Sentinel-1 Technical Series Part 1 | Burst Mapping: Random Seeks into PB Scale Non Cloud-Optimized Data Archives

Published in

descarteslabs-meditations

6 min readAug 25, 2022

Welcome to Part 1 of a technical series focusing on Descartes Labs’ global SAR processing capabilities. SAR provides a valuable remote sensing tool, and this series will dive into detail about how we process SAR data globally and build SAR and InSAR-derived products. An overview can be found here.

Introduction

SAR datasets are notorious for their relatively complicated data distribution formats, projection systems and need for custom processing tools to transform them into analysis-ready products. Until a few years ago, SAR data processing was a specialty of niche academic and engineering groups, largely due to limited availability of this type of data and associated restricted use licenses. The Sentinel-1 SAR constellation, part of Europe’s Copernicus Earth Observation programme, has been a game changer in this regard. Data acquired by this constellation has been freely available for end users since Sep 2014, enabling local and global scale application users to reliably access and analyze SAR imagery over their AOIs.

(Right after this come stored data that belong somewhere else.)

lemma higher_differentiable_on_scaleR:
  fixes f :: "_ \<Rightarrow> real"
  assumes "open S"
  shows "higher_differentiable_on S f n \<Longrightarrow> higher_differentiable_on S g n \<Longrightarrow>
    higher_differentiable_on S (\<lambda>x. f x *\<^sub>R g x) n"
proof (induction n arbitrary: f g)
  case 0
  then show ?case by (simp add: continuous_on_scaleR)
next
  case (Suc n)
  show ?case
  proof (rule higher_differentiable_on_SucI[OF assms, where f'="\<lambda>x v.
        f x *\<^sub>R frechet_derivative g (at x) v + frechet_derivative f (at x) v *\<^sub>R g x"])
    show "((\<lambda>x. f x *\<^sub>R g x) has_derivative (\<lambda>v.
        f x *\<^sub>R frechet_derivative g (at x) v + frechet_derivative f (at x) v *\<^sub>R g x)) (at x)"
      if "x \<in> S" for x
      using has_derivative_scaleR[OF higher_differentiable_on_has_derivative[OF assms Suc.prems(1) that]
          higher_differentiable_on_has_derivative[OF assms Suc.prems(2) that]] .
    show "higher_differentiable_on S (\<lambda>x.
        f x *\<^sub>R frechet_derivative g (at x) v + frechet_derivative f (at x) v *\<^sub>R g x) n" for v
      using Suc.prems
      by (intro higher_differentiable_on_add[OF assms] Suc.IH)
        (simp_all add: higher_differentiable_on_SucD)
  qed
qed

lemma higher_differentiable_on_diff:
  assumes "open S" "higher_differentiable_on S f n" "higher_differentiable_on S g n"
  shows "higher_differentiable_on S (\<lambda>x. f x - g x) n"
  using higher_differentiable_on_add[OF assms(1,2) higher_differentiable_on_scaleR[OF assms(1)
        higher_differentiable_on_const[OF assms(1), of "-1"] assms(3)]]
  by simp

lemma higher_differentiable_on_mult:
  fixes f g :: "_ \<Rightarrow> real"
  shows "open S \<Longrightarrow> higher_differentiable_on S f n \<Longrightarrow> higher_differentiable_on S g n \<Longrightarrow>
    higher_differentiable_on S (\<lambda>x. f x * g x) n"
  using higher_differentiable_on_scaleR[of S f n g] by simp

lemma higher_differentiable_on_bounded_linear_compose:
  assumes "open S" "bounded_linear L"
  shows "higher_differentiable_on S f n \<Longrightarrow> higher_differentiable_on S (\<lambda>x. L (f x)) n"
proof (induction n arbitrary: f)
  case 0
  then show ?case
    using assms(2) by (simp add: continuous_on_compose2[of UNIV L S f] linear_continuous_on)
next
  case (Suc n)
  show ?case
  proof (rule higher_differentiable_on_SucI[OF assms(1),
        where f'="\<lambda>x v. L (frechet_derivative f (at x) v)"])
    show "((\<lambda>x. L (f x)) has_derivative (\<lambda>v. L (frechet_derivative f (at x) v))) (at x)"
      if "x \<in> S" for x
      by (rule bounded_linear.has_derivative[OF assms(2)
            higher_differentiable_on_has_derivative[OF assms(1) Suc.prems that]])
    show "higher_differentiable_on S (\<lambda>x. L (frechet_derivative f (at x) v)) n" for v
      using Suc.prems by (intro Suc.IH) simp
  qed
qed

lemma higher_differentiable_on_Pair:
  assumes "open S"
  shows "higher_differentiable_on S f n \<Longrightarrow> higher_differentiable_on S g n \<Longrightarrow>
    higher_differentiable_on S (\<lambda>x. (f x, g x)) n"
proof (induction n arbitrary: f g)
  case 0
  then show ?case by (simp add: continuous_on_Pair)
next
  case (Suc n)
  show ?case
  proof (rule higher_differentiable_on_SucI[OF assms,
        where f'="\<lambda>x v. (frechet_derivative f (at x) v, frechet_derivative g (at x) v)"])
    show "((\<lambda>x. (f x, g x)) has_derivative
        (\<lambda>v. (frechet_derivative f (at x) v, frechet_derivative g (at x) v))) (at x)" if "x \<in> S" for x
      using has_derivative_Pair[OF higher_differentiable_on_has_derivative[OF assms Suc.prems(1) that]
          higher_differentiable_on_has_derivative[OF assms Suc.prems(2) that]] .
    show "higher_differentiable_on S
        (\<lambda>x. (frechet_derivative f (at x) v, frechet_derivative g (at x) v)) n" for v
      using Suc.prems by (intro Suc.IH) simp_all
  qed
qed

lemma higher_differentiable_on_sum:
  assumes "open S" "finite I" "\<And>i. i \<in> I \<Longrightarrow> higher_differentiable_on S (f i) n"
  shows "higher_differentiable_on S (\<lambda>x. \<Sum>i\<in>I. f i x) n"
  using assms(2,3)
  by (induction I rule: finite_induct)
    (simp_all add: higher_differentiable_on_const higher_differentiable_on_add assms(1))

lemma linear_eq_sum_Basis:
  fixes w :: "'a::euclidean_space"
  assumes "linear L"
  shows "L w = (\<Sum>i\<in>Basis. (w \<bullet> i) *\<^sub>R L i)"
proof -
  have "L w = L (\<Sum>i\<in>Basis. (w \<bullet> i) *\<^sub>R i)" by (simp add: euclidean_representation)
  also have "\<dots> = (\<Sum>i\<in>Basis. (w \<bullet> i) *\<^sub>R L i)"
    using assms by (simp add: linear_sum linear_scale)
  finally show ?thesis .
qed

text \<open>The chain rule is written in coordinates of the intermediate space, so that each
  summand is a product of a scalar and a vector function to which the induction hypothesis
  applies.\<close>

lemma higher_differentiable_on_compose:
  fixes h :: "'a::euclidean_space \<Rightarrow> 'b::real_normed_vector"
  assumes "open S" "open T" "f ` S \<subseteq> T"
  shows "higher_differentiable_on T h n \<Longrightarrow> higher_differentiable_on S f n \<Longrightarrow>
    higher_differentiable_on S (\<lambda>x. h (f x)) n"
proof (induction n arbitrary: h)
  case 0
  then have "continuous_on T h" "continuous_on S f" by simp_all
  then have "continuous_on S (\<lambda>x. h (f x))"
    by (rule continuous_on_compose2[of T h S f, OF _ _ assms(3)])
  then show ?case by simp
next
  case (Suc n)
  let ?D = "\<lambda>x v. \<Sum>i\<in>Basis.
    (frechet_derivative f (at x) v \<bullet> i) *\<^sub>R frechet_derivative h (at (f x)) i"
  show ?case
  proof (rule higher_differentiable_on_SucI[OF assms(1), where f'="?D"])
    fix x assume x: "x \<in> S"
    have df: "(f has_derivative frechet_derivative f (at x)) (at x)"
      using higher_differentiable_on_has_derivative[OF assms(1) Suc.prems(2) x] .
    have dh: "(h has_derivative frechet_derivative h (at (f x))) (at (f x))"
      using higher_differentiable_on_has_derivative[OF assms(2) Suc.prems(1)] assms(3) x by blast
    have "frechet_derivative h (at (f x)) \<circ> frechet_derivative f (at x) = ?D x"
      by (rule ext)
        (simp only: o_def linear_eq_sum_Basis[OF has_derivative_linear[OF dh],
          of "frechet_derivative f (at x) _"])
    with diff_chain_at[OF df dh] show "((\<lambda>x. h (f x)) has_derivative ?D x) (at x)"
      by (simp add: o_def)
  next
    fix v
    have "higher_differentiable_on S
        (\<lambda>x. (frechet_derivative f (at x) v \<bullet> i) *\<^sub>R frechet_derivative h (at (f x)) i) n" for i
    proof (rule higher_differentiable_on_scaleR[OF assms(1)])
      show "higher_differentiable_on S (\<lambda>x. frechet_derivative f (at x) v \<bullet> i) n"
        using Suc.prems(2)
        by (intro higher_differentiable_on_bounded_linear_compose[OF assms(1)
              bounded_linear_inner_left]) simp
      show "higher_differentiable_on S (\<lambda>x. frechet_derivative h (at (f x)) i) n"
        by (rule Suc.IH) (use Suc.prems in \<open>simp_all add: higher_differentiable_on_SucD\<close>)
    qed
    then show "higher_differentiable_on S (\<lambda>x. ?D x v) n"
      by (intro higher_differentiable_on_sum[OF assms(1) finite_Basis])
  qed
qed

At Descartes Labs we often build and deploy models to support applications like agriculture, deforestation and change detection that use data sourced from multiple types of sensors, including SAR. While Sentinel-1 data is open and freely accessible, there are still challenges in efficiently operationalizing the use of this dataset.

Successfully addressing those challenges means being able to access Sentinel-1 SAR datasets efficiently, repeatedly and with a granularity similar to that found in the use of Cloud Optimized Geotiffs (COGs) with optical imagery.

In this post, we will walk through the process of building our fast data access mechanism for Sentinel-1.

A collection of bursts

Sentinel-1 images most land masses in the Interferometric Wide Swath Terrain Observation with Progressive Scans (IW-TOPS) imaging mode. While the mission does use other imaging modes over land, those other modes represent a tiny fraction of total data volume acquired, so we will focus on IW-TOPS mode. The concepts presented here in the context of IW-TOPS mode are also relevant to the less frequently used Extended Wide Swath (EW-TOPS) imaging mode imagery.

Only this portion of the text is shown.